Ricardo Semler, the CEO of Semco, describes in his excellent book The Seven-Day Weekend how his executives have one very important leadership strategy: Inaction. To NOT interfere. They believe that once top leadership steps in and clears up a situation, they must now do so every time a similar situation occurs. When they step back and let people fix it themselves, they increase the organization’s ability to deal with these issues without them.
The upshot
Rather than focus solely on reducing the number of problems employees face in the workplace, it’s vital that businesses focus even more on giving people the skills, the energy and the freedom to do something about those problems.
No adult is happy at work when he is coddled and protected. We want to be challenged and to have the skills, energy and freedom to overcome those challenges.
This does not mean throwing people to the sharks to see who survives. Some organizations give their employees absolutely no support, help or encouragement, which is probably even worse, and certainly makes no one happy at work.
The organization must still help people, back them up, help them grow. But trying to protect us and to set up rules and regulations for all possible contingencies, the way parents protect their children, does not make us happy. It makes us powerless. And that is the worst thing you can do to people.
What’s your thinking on this? Where is your organization on the “throw them to the sharks” – “coddle them to death” continuum?
Preventing unhappiness will also deprive you from happiness.
It’s like removing valleys that make the mountains disappear.
It’s like shortening the marathon..
It’s like a lottery with a money-back guarantee.
It’s like a sponge hammer that won’t hurt you when hitting your fingers.
It’s why i’m moving from a small town to nyc! Most of my jobs have engaged in coddling for whatever their motives were…..don’t know?

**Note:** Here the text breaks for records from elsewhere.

lemma nested_subfan_exists:
  fixes g :: "real \<Rightarrow> complex" and s :: "nat \<Rightarrow> real" and a :: "nat \<Rightarrow> real \<Rightarrow> complex"
  assumes "arc g" and s: "strict_mono_on {0..m} s" "s 0 = 0" "s m = 1"
    and "\<And>i. i \<in> {1..m} \<Longrightarrow> pathfinish (a i) \<in> subarc g (s (i - 1)) (s i)"
    and "\<And>i. i \<in> {1..m} \<Longrightarrow>
           finite (path_image (a i) \<inter> path_image g) \<and> card (path_image (a i) \<inter> path_image g) \<le> t"
    and "I \<subseteq> {1..m}" "(t + 1) ^ n \<le> card I"
  shows "\<exists>idx u. coarse_grounding s I n idx u \<and> nested_hits g a n idx u"
  using assms(7,8)
proof (induction n arbitrary: I)
  case 0
  then have "finite I" "I \<noteq> {}" by (auto intro: card_ge_0_finite)
  then show ?case
    using coarse_grounding_0[OF strict_mono_on_imp_mono_on[OF s(1)] _ _ "0.prems"(1)]
    unfolding nested_hits_def by blast
next
  case (Suc n)
  obtain J where J: "J \<subseteq> I - {Min I}" "(t + 1) ^ n \<le> card J"
    and gap: "\<And>\<tau>. s (Min J - 1) < \<tau> \<Longrightarrow> \<tau> \<le> s (Max J) \<Longrightarrow> g \<tau> \<notin> path_image (a (Min I))"
    using leftmost_curve_misses_large_block[OF assms(1-6) Suc.prems] by blast
  have "0 < (t + 1) ^ n" "0 < (t + 1) ^ Suc n" by simp_all
  then have "0 < card I" "0 < card J" using Suc.prems(2) J(2) by linarith+
  then have "finite I" "J \<noteq> {}" by (simp_all add: card_gt_0_iff)
  have "J \<subseteq> {1..m}" using J(1) Suc.prems(1) by auto
  then obtain idx u where cg: "coarse_grounding s J n idx u" and nh: "nested_hits g a n idx u"
    using Suc.IH J(2) by blast
  let ?idx = "\<lambda>j. if j = 1 then Min I else idx (j - 1)"
  let ?u = "\<lambda>j. if j = 0 then s (Min I - 1) else u (j - 1)"
  have cg': "coarse_grounding s I (Suc n) ?idx ?u"
    using coarse_grounding_extend[OF s(1) \<open>finite I\<close> Suc.prems(1) J(1) \<open>J \<noteq> {}\<close> cg] .
  then have "s (Min I - 1) \<le> u 0"
    unfolding coarse_grounding_def using strict_mono_onD[of "{0..Suc n}" ?u 0 1] by auto
  moreover have "mono_on {0..n} u" "s (Min J - 1) \<le> u 0" "u n \<le> s (Max J)"
    using cg strict_mono_on_imp_mono_on unfolding coarse_grounding_def by blast+
  ultimately have "nested_hits g a (Suc n) ?idx ?u"
    using gap by (intro nested_hits_extend[OF nh]) force+
  with cg' show ?case by blast
qed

In small towns, coworkers (when training you) will tell you all of the common sense info while leaving out the basic facts. It seems the older the person is from suburbia, the more they want to be your mother.

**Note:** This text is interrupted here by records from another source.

lemma abs_diff_power_le:
  fixes a b :: real
  assumes "0 \<le> a" "0 \<le> b"
  shows "\<bar>a - b\<bar> ^ M \<le> a ^ M + b ^ M"
proof -
  have "\<bar>a - b\<bar> ^ M \<le> (max a b) ^ M" using assms by (intro power_mono) auto
  also have "\<dots> \<le> a ^ M + b ^ M" using assms by (auto simp: max_def)
  finally show ?thesis .
qed

lemma double_sum_symmetric:
  fixes a A :: "nat \<Rightarrow> 'a::comm_semiring_1"
  shows "(\<Sum>n<k. \<Sum>m<k. a n * a m * (A n + A m)) = 2 * (\<Sum>m<k. a m) * (\<Sum>n<k. a n * A n)"
proof -
  have "(\<Sum>n<k. \<Sum>m<k. a n * a m * A m) = (\<Sum>n<k. \<Sum>m<k. a n * a m * A n)"
    by (subst sum.swap) (simp add: mult_ac)
  moreover have "(\<Sum>m<k. a m) * (\<Sum>n<k. a n * A n) = (\<Sum>n<k. \<Sum>m<k. a n * a m * A n)"
    by (subst sum.swap) (simp add: sum_product mult_ac)
  ultimately show ?thesis
    by (simp add: distrib_left distrib_right sum.distrib mult_2)
qed

lemma mult_cnj_sum3:
  fixes a b c :: complex
  shows "(a + b + c) * cnj (a + b + c) = a * cnj a + b * cnj b + c * cnj c
    + (a * cnj b + cnj (a * cnj b)) + (cnj c * a + cnj (cnj c * a)) + (cnj c * b + cnj (cnj c * b))"
  by (simp add: algebra_simps)

lemma norm_add_cnj: "norm (z + cnj z) = 2 * \<bar>Re z\<bar>"
  by (simp add: complex_add_cnj norm_mult)

lemma norm_add4_ge:
  fixes a b c d :: "'a::real_normed_vector"
  shows "norm b - norm a - norm c - norm d \<le> norm (a + b + c + d)"
  using norm_triangle_ineq4[of "a + b + c + d" a] norm_triangle_ineq4[of "b + c + d" c]
    norm_triangle_ineq4[of "b + d" d]
  by (simp add: algebra_simps)

lemma norm_plus_cnj_le_twice: "norm (z + cnj z) \<le> 2 * norm z"
  using norm_triangle_ineq[of z "cnj z"] by simp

what i love about nyc is that it is hard! this challenges me so i can see what i can do and maybe the paths i could take in specializing those challenges! small towns take all of this away from me by being soft, parental, coddling, and smothering.
and, to make matters worse, if you fight it……you then become a target from the gossip group as a person who is a snob or know-it-all.
i swear ……..i think i’m going to take my 2pennies i have in the bank and get to nyc fast before my life passes me by and is stolen by small towners.
yes this post is passionate because i’m fed up! its’ been 30 YEARS!
so now i want to retire in nyc…….and never look back!
Sad to say, I don’t think your “middle way” is going to win many adherents, and I don;t imagine that it has in the 3 1/2 years since you posted this originally.
“Coddling” in the popular imagination doesn’t mean protecting your people from EVERYTHING, it means protecting them from ANYTHING. If you don’t throw them to the sharks, you’re coddling. Helping your people grow, backing up your people, being there for them in any way at all is weakness now.